[Stored data]
>>>>

(* Let $D=(V,A,w)$ be a weighted digraph and let $M$ be a matching in $D$ (a set of arcs no two of which share an endpoint). Then $\mathrm{mac}(D)\ge\frac{w(D)}{4}+\frac{w(M)}{4}$.
   Context: A weighted digraph $D=(V,A,w)$ is a digraph without loops or parallel arcs (opposite arcs allowed) with weights $w:A\to\mathbb{R}_{\ge0}$; $w(\cdot)$ of an arc set is its total weight. For a partition $(X,Y)$ of $V$, $w(X,Y)$ is the total weight of arcs from $X$ to $Y$, and $\mathrm{mac}(D)=\max_{(X,Y)}w(X,Y)$. *)

theory Defs
  imports Complex_Main
begin

text \<open>A weighted digraph: finite vertex set V, arc set A of ordered pairs (so no parallel
arcs; opposite arcs allowed), no loops, nonnegative real weights on arcs.\<close>

definition weighted_digraph :: "'a set \<Rightarrow> ('a \<times> 'a) set \<Rightarrow> ('a \<times> 'a \<Rightarrow> real) \<Rightarrow> bool" where
  "weighted_digraph V A w \<longleftrightarrow> finite V \<and> A \<subseteq> V \<times> V \<and> (\<forall>v. (v, v) \<notin> A)
     \<and> (\<forall>a\<in>A. w a \<ge> 0)"

definition wt :: "('a \<times> 'a \<Rightarrow> real) \<Rightarrow> ('a \<times> 'a) set \<Rightarrow> real" where
  "wt w B = (\<Sum>a\<in>B. w a)"

definition cut_weight :: "('a \<times> 'a) set \<Rightarrow> ('a \<times> 'a \<Rightarrow> real) \<Rightarrow> 'a set \<Rightarrow> 'a set \<Rightarrow> real" where
  "cut_weight A w X Y = wt w {(u, v) \<in> A. u \<in> X \<and> v \<in> Y}"

definition mac :: "'a set \<Rightarrow> ('a \<times> 'a) set \<Rightarrow> ('a \<times> 'a \<Rightarrow> real) \<Rightarrow> real" where
  "mac V A w = Max ((\<lambda>X. cut_weight A w X (V - X)) ` Pow V)"

definition is_matching :: "('a \<times> 'a) set \<Rightarrow> ('a \<times> 'a) set \<Rightarrow> bool" where
  "is_matching A M \<longleftrightarrow> M \<subseteq> A \<and>
     (\<forall>a\<in>M. \<forall>b\<in>M. a \<noteq> b \<longrightarrow> {fst a, snd a} \<inter> {fst b, snd b} = {})"

end

theory Submission
  imports Defs
begin

text \<open>Let \<open>H\<close> be the set of heads of the arcs of \<open>M\<close>, and send every vertex of \<open>H\<close> to the tail
  of its matching arc and every other vertex to itself. For a uniformly random set \<open>Z\<close> of
  non-heads put a non-head \<open>v\<close> into \<open>X\<close> iff \<open>v \<in> Z\<close>, and a head into \<open>X\<close> iff its tail is not
  in \<open>Z\<close>. Distinct vertices then have independent memberships in \<open>X\<close> unless they are the
  two ends of a matching arc, whose memberships are complementary. So every arc lies in
  the cut \<open>(X, V - X)\<close> with probability at least \<open>1/4\<close>, and every matching arc, with its
  tail in \<open>X\<close> exactly when its head is not, with probability \<open>1/2\<close>. The expected cut weight
  is therefore at least \<open>w(D)/4 + w(M)/4\<close>.\<close>

lemma card_Pow_with_trace:
  assumes "finite W" "T \<subseteq> W" "S \<subseteq> T"
  shows "2 ^ card T * card {Z \<in> Pow W. Z \<inter> T = S} = 2 ^ card W"
proof -
  have "{Z \<in> Pow W. Z \<inter> T = S} = (\<lambda>Z. Z \<union> S) ` Pow (W - T)"
  proof (intro equalityI subsetI)
    fix Z assume "Z \<in> {Z \<in> Pow W. Z \<inter> T = S}"
    then have "Z = (Z - T) \<union> S" "Z - T \<in> Pow (W - T)" by auto
    then show "Z \<in> (\<lambda>Z. Z \<union> S) ` Pow (W - T)" by blast
  qed (use assms in auto)
  moreover have "inj_on (\<lambda>Z. Z \<union> S) (Pow (W - T))"
    using assms(3) by (auto intro!: inj_onI)
  ultimately have "card {Z \<in> Pow W. Z \<inter> T = S} = 2 ^ (card W - card T)"
    using assms by (simp add: card_image card_Pow card_Diff_subset finite_subset)
  moreover have "card T \<le> card W"
    using assms by (simp add: card_mono)
  ultimately show ?thesis
    by (simp flip: power_add)
qed

text \<open>\<open>switch_set V key s Z\<close> is the set \<open>X\<close> of the proof idea, for a general labelling
  \<open>key\<close> and flip predicate \<open>s\<close>.\<close>

definition switch_set :: "'a set \<Rightarrow> ('a \<Rightarrow> 'b) \<Rightarrow> ('a \<Rightarrow> bool) \<Rightarrow> 'b set \<Rightarrow> 'a set" where
  "switch_set V key s Z = {v \<in> V. (key v \<in> Z) \<noteq> s v}"

lemma card_switch_set_separating:
  assumes "finite W" "key x \<in> W" "key y \<in> W" "x \<in> V" "y \<in> V"
    and "(key x, s x) \<noteq> (key y, s y)"
  defines "C \<equiv> {Z \<in> Pow W. x \<in> switch_set V key s Z \<and> y \<notin> switch_set V key s Z}"
  shows "2 ^ card W \<le> 4 * card C"
    and "key x = key y \<Longrightarrow> 2 ^ card W = 2 * card C"
proof -
  define T where "T = {key x, key y}"
  define S where "S = {v \<in> T. (v = key x \<and> \<not> s x) \<or> (v = key y \<and> s y)}"
  have "key x \<in> S \<longleftrightarrow> \<not> s x" "key y \<in> S \<longleftrightarrow> s y"
    using assms(6) unfolding S_def T_def by auto
  moreover have "Z \<inter> T = S \<longleftrightarrow> (key x \<in> Z \<longleftrightarrow> key x \<in> S) \<and> (key y \<in> Z \<longleftrightarrow> key y \<in> S)" for Z
    unfolding S_def T_def by blast
  ultimately have "C = {Z \<in> Pow W. Z \<inter> T = S}"
    using assms(4,5) unfolding C_def switch_set_def by auto
  moreover have "T \<subseteq> W" "S \<subseteq> T"
    using assms(2,3) unfolding T_def S_def by auto
  ultimately have count: "2 ^ card T * card C = 2 ^ card W"
    using card_Pow_with_trace[OF assms(1)] by simp
  have "card T \<le> 2"
    unfolding T_def by (simp add: card_insert_if)
  then have "2 ^ card T \<le> (4::nat)"
    using power_increasing[of "card T" 2 "2::nat"] by simp
  then show "2 ^ card W \<le> 4 * card C"
    using count by (metis mult_le_mono1)
  show "2 ^ card W = 2 * card C" if "key x = key y"
    using count that unfolding T_def by simp
qed

lemma cut_weight_eq_sum_if:
  assumes "finite A"
  shows "cut_weight A w X Y = (\<Sum>a\<in>A. if fst a \<in> X \<and> snd a \<in> Y then w a else 0)"
proof -
  have "{(u, v) \<in> A. u \<in> X \<and> v \<in> Y} = {a \<in> A. fst a \<in> X \<and> snd a \<in> Y}"
    by auto
  then show ?thesis
    unfolding cut_weight_def wt_def using sum.inter_filter[OF assms] by simp
qed

lemma sum_cut_weight_eq:
  assumes "finite A" "finite I"
  shows "(\<Sum>i\<in>I. cut_weight A w (X i) (Y i))
       = (\<Sum>a\<in>A. w a * card {i \<in> I. fst a \<in> X i \<and> snd a \<in> Y i})"
proof -
  have "(\<Sum>i\<in>I. cut_weight A w (X i) (Y i))
      = (\<Sum>a\<in>A. \<Sum>i\<in>I. if fst a \<in> X i \<and> snd a \<in> Y i then w a else 0)"
    unfolding cut_weight_eq_sum_if[OF assms(1)] by (rule sum.swap)
  also have "\<dots> = (\<Sum>a\<in>A. w a * card {i \<in> I. fst a \<in> X i \<and> snd a \<in> Y i})"
    by (simp add: sum.inter_filter[OF assms(2), symmetric] mult.commute)
  finally show ?thesis .
qed

lemma cut_weight_le_mac:
  assumes "finite V" "X \<subseteq> V"
  shows "cut_weight A w X (V - X) \<le> mac V A w"
  unfolding mac_def using assms by (intro Max_ge) auto

lemma sum_weighted_counts_ge:
  assumes "finite A" "M \<subseteq> A"
    and "\<And>a. a \<in> A \<Longrightarrow> N \<le> 4 * c a" "\<And>a. a \<in> M \<Longrightarrow> N \<le> 2 * c a"
    and "\<And>a. a \<in> A \<Longrightarrow> w a \<ge> 0"
  shows "N * (wt w A / 4 + wt w M / 4) \<le> (\<Sum>a\<in>A. w a * c a)"
proof -
  have "(\<Sum>a\<in>A. w a * N / 4 + (if a \<in> M then w a * N / 4 else 0)) \<le> (\<Sum>a\<in>A. w a * c a)"
  proof (rule sum_mono)
    fix a assume "a \<in> A"
    then have "w a * N \<le> w a * (4 * c a)" and "a \<in> M \<Longrightarrow> w a * N \<le> w a * (2 * c a)"
      using assms(3-5) mult_left_mono by blast+
    then show "w a * N / 4 + (if a \<in> M then w a * N / 4 else 0) \<le> w a * c a"
      by (simp add: algebra_simps)
  qed
  moreover have "(\<Sum>a\<in>A. if a \<in> M then w a * N / 4 else 0) = (\<Sum>a\<in>M. w a * N / 4)"
    using assms(1,2) by (simp add: sum.inter_filter[symmetric] Int_absorb1 flip: Int_def)
  moreover have "(\<Sum>a\<in>B. w a * N / 4) = N * wt w B / 4" for B
    unfolding wt_def by (simp add: sum_distrib_left sum_divide_distrib mult.commute)
  ultimately show ?thesis
    unfolding sum.distrib by (simp add: distrib_left)
qed

lemma matching_arcs_eqI:
  assumes "is_matching A M" "a \<in> M" "b \<in> M" "v \<in> {fst a, snd a}" "v \<in> {fst b, snd b}"
  shows "a = b"
proof (rule ccontr)
  assume "a \<noteq> b"
  then have "{fst a, snd a} \<inter> {fst b, snd b} = {}"
    using assms(1-3) unfolding is_matching_def by blast
  with assms(4,5) show False
    by blast
qed

definition matching_tail :: "('a \<times> 'a) set \<Rightarrow> 'a \<Rightarrow> 'a" where
  "matching_tail M v = (if v \<in> snd ` M then THE u. (u, v) \<in> M else v)"

lemma matching_tail_eq:
  assumes "is_matching A M" "(u, v) \<in> M"
  shows "matching_tail M v = u"
proof -
  have "(THE u. (u, v) \<in> M) = u"
  proof (rule the_equality)
    show "u' = u" if "(u', v) \<in> M" for u'
      using matching_arcs_eqI[OF assms(1) that assms(2), of v] by simp
  qed (fact assms(2))
  moreover have "v \<in> snd ` M"
    using assms(2) by (rule rev_image_eqI) simp
  ultimately show ?thesis
    unfolding matching_tail_def by simp
qed

lemma matching_tail_notin_heads:
  assumes "is_matching A M" "\<And>v. (v, v) \<notin> A"
  shows "matching_tail M v \<notin> snd ` M"
proof
  assume head: "matching_tail M v \<in> snd ` M"
  show False
  proof (cases "v \<in> snd ` M")
    case True
    then obtain u where uv: "(u, v) \<in> M" by force
    from head obtain t where tu: "(t, u) \<in> M"
      using matching_tail_eq[OF assms(1) uv] by force
    have "(t, u) = (u, v)"
      using matching_arcs_eqI[OF assms(1) tu uv, of u] by simp
    then show False
      using uv assms unfolding is_matching_def by auto
  next
    case False
    then show False
      using head unfolding matching_tail_def by simp
  qed
qed

lemma inj_matching_tail_head:
  assumes "is_matching A M"
  shows "inj (\<lambda>v. (matching_tail M v, v \<in> snd ` M))"
proof (rule injI)
  fix x y assume eq: "(matching_tail M x, x \<in> snd ` M) = (matching_tail M y, y \<in> snd ` M)"
  show "x = y"
  proof (cases "x \<in> snd ` M")
    case True
    then obtain u u' where "(u, x) \<in> M" "(u', y) \<in> M"
      using eq by force
    moreover from this have "u = u'"
      using eq matching_tail_eq[OF assms] by auto
    ultimately show ?thesis
      using matching_arcs_eqI[OF assms, of "(u, x)" "(u', y)" u] by simp
  next
    case False
    then show ?thesis
      using eq unfolding matching_tail_def by auto
  qed
qed

lemma matching_tail_mem:
  assumes "is_matching A M" "A \<subseteq> V \<times> V" "\<And>v. (v, v) \<notin> A" "v \<in> V"
  shows "matching_tail M v \<in> V - snd ` M"
proof -
  have "matching_tail M v \<in> V"
  proof (cases "v \<in> snd ` M")
    case True
    then obtain u where "(u, v) \<in> M" by force
    then show ?thesis
      using matching_tail_eq[OF assms(1)] assms(1,2) unfolding is_matching_def by auto
  qed (use assms(4) in \<open>simp add: matching_tail_def\<close>)
  then show ?thesis
    using matching_tail_notin_heads[OF assms(1,3)] by blast
qed

definition matching_switch_set :: "'a set \<Rightarrow> ('a \<times> 'a) set \<Rightarrow> 'a set \<Rightarrow> 'a set" where
  "matching_switch_set V M = switch_set V (matching_tail M) (\<lambda>v. v \<in> snd ` M)"

lemma card_matching_switch_set_cuts:
  assumes "is_matching A M" "finite V" "A \<subseteq> V \<times> V" "\<And>v. (v, v) \<notin> A" "(x, y) \<in> A"
  defines "C \<equiv> {Z \<in> Pow (V - snd ` M).
      x \<in> matching_switch_set V M Z \<and> y \<in> V - matching_switch_set V M Z}"
  shows "2 ^ card (V - snd ` M) \<le> 4 * card C"
    and "(x, y) \<in> M \<Longrightarrow> 2 ^ card (V - snd ` M) = 2 * card C"
proof -
  have xy: "x \<in> V" "y \<in> V" "x \<noteq> y"
    using assms(3-5) by auto
  have "(matching_tail M x, x \<in> snd ` M) \<noteq> (matching_tail M y, y \<in> snd ` M)"
    using xy(3) inj_matching_tail_head[OF assms(1)] unfolding inj_def by blast
  note count = card_switch_set_separating[OF _ matching_tail_mem[OF assms(1,3,4) xy(1)]
      matching_tail_mem[OF assms(1,3,4) xy(2)] xy(1,2) this, folded matching_switch_set_def]
  have C_eq: "C = {Z \<in> Pow (V - snd ` M).
      x \<in> matching_switch_set V M Z \<and> y \<notin> matching_switch_set V M Z}"
    unfolding C_def using xy(2) by blast
  show "2 ^ card (V - snd ` M) \<le> 4 * card C"
    unfolding C_eq using count(1) assms(2) by simp
  assume "(x, y) \<in> M"
  then have "matching_tail M y = x"
    by (rule matching_tail_eq[OF assms(1)])
  moreover from this have "matching_tail M x = x"
    using matching_tail_notin_heads[OF assms(1,4), of y] unfolding matching_tail_def by simp
  ultimately show "2 ^ card (V - snd ` M) = 2 * card C"
    unfolding C_eq using count(2) assms(2) by simp
qed

theorem mainTheorem5:
  fixes V :: "'a set" and A M :: "('a \<times> 'a) set" and w :: "'a \<times> 'a \<Rightarrow> real"
  assumes "weighted_digraph V A w"
    and "is_matching A M"
  shows "mac V A w \<ge> wt w A / 4 + wt w M / 4"
proof -
  have finV: "finite V" and AV: "A \<subseteq> V \<times> V" and loopless: "\<And>v. (v, v) \<notin> A"
    and w_nonneg: "\<And>a. a \<in> A \<Longrightarrow> w a \<ge> 0" and MA: "M \<subseteq> A"
    using assms unfolding weighted_digraph_def is_matching_def by auto
  have finA: "finite A"
    using AV finV finite_subset by blast
  define W where "W = V - snd ` M"
  define X where "X = matching_switch_set V M"
  define N :: real where "N = 2 ^ card W"
  define k where "k a = card {Z \<in> Pow W. fst a \<in> X Z \<and> snd a \<in> V - X Z}" for a
  note counts = card_matching_switch_set_cuts[OF assms(2) finV AV loopless, folded W_def X_def]
  have "2 ^ card W \<le> 4 * k a" if "a \<in> A" for a
    using counts(1)[of "fst a" "snd a"] that unfolding k_def by simp
  then have "N \<le> 4 * real (k a)" if "a \<in> A" for a
    using that unfolding N_def by (metis of_nat_le_iff of_nat_mult of_nat_numeral of_nat_power)
  moreover have "2 ^ card W = 2 * k a" if "a \<in> M" for a
    using counts(2)[of "fst a" "snd a"] that subsetD[OF MA that] unfolding k_def by simp
  then have "N \<le> 2 * real (k a)" if "a \<in> M" for a
    using that unfolding N_def by (metis order_refl of_nat_mult of_nat_numeral of_nat_power)
  ultimately have "N * (wt w A / 4 + wt w M / 4) \<le> (\<Sum>a\<in>A. w a * real (k a))"
    by (rule sum_weighted_counts_ge[OF finA MA _ _ w_nonneg])
  also have "\<dots> = (\<Sum>Z\<in>Pow W. cut_weight A w (X Z) (V - X Z))"
    unfolding k_def using sum_cut_weight_eq[OF finA, of "Pow W" w X "\<lambda>Z. V - X Z"] finV W_def
    by simp
  also have "\<dots> \<le> (\<Sum>Z\<in>Pow W. mac V A w)"
    using cut_weight_le_mac[OF finV]
    unfolding X_def matching_switch_set_def switch_set_def by (intro sum_mono) auto
  also have "\<dots> = N * mac V A w"
    using finV by (simp add: N_def W_def card_Pow)
  finally show ?thesis
    unfolding N_def by simp
qed

end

<<<<

#### [Task goal]
Among the entries above, locate the lines containing "else 0)) \<le>" and "proof (rule the_equality)", and transcribe exactly those two lines and all lines between.

#### [Solution to the problem]
  have "(\<Sum>a\<in>A. w a * N / 4 + (if a \<in> M then w a * N / 4 else 0)) \<le> (\<Sum>a\<in>A. w a * c a)"
  proof (rule sum_mono)
    fix a assume "a \<in> A"
    then have "w a * N \<le> w a * (4 * c a)" and "a \<in> M \<Longrightarrow> w a * N \<le> w a * (2 * c a)"
      using assms(3-5) mult_left_mono by blast+
    then show "w a * N / 4 + (if a \<in> M then w a * N / 4 else 0) \<le> w a * c a"
      by (simp add: algebra_simps)
  qed
  moreover have "(\<Sum>a\<in>A. if a \<in> M then w a * N / 4 else 0) = (\<Sum>a\<in>M. w a * N / 4)"
    using assms(1,2) by (simp add: sum.inter_filter[symmetric] Int_absorb1 flip: Int_def)
  moreover have "(\<Sum>a\<in>B. w a * N / 4) = N * wt w B / 4" for B
    unfolding wt_def by (simp add: sum_distrib_left sum_divide_distrib mult.commute)
  ultimately show ?thesis
    unfolding sum.distrib by (simp add: distrib_left)
qed

lemma matching_arcs_eqI:
  assumes "is_matching A M" "a \<in> M" "b \<in> M" "v \<in> {fst a, snd a}" "v \<in> {fst b, snd b}"
  shows "a = b"
proof (rule ccontr)
  assume "a \<noteq> b"
  then have "{fst a, snd a} \<inter> {fst b, snd b} = {}"
    using assms(1-3) unfolding is_matching_def by blast
  with assms(4,5) show False
    by blast
qed

definition matching_tail :: "('a \<times> 'a) set \<Rightarrow> 'a \<Rightarrow> 'a" where
  "matching_tail M v = (if v \<in> snd ` M then THE u. (u, v) \<in> M else v)"

lemma matching_tail_eq:
  assumes "is_matching A M" "(u, v) \<in> M"
  shows "matching_tail M v = u"
proof -
  have "(THE u. (u, v) \<in> M) = u"
  proof (rule the_equality)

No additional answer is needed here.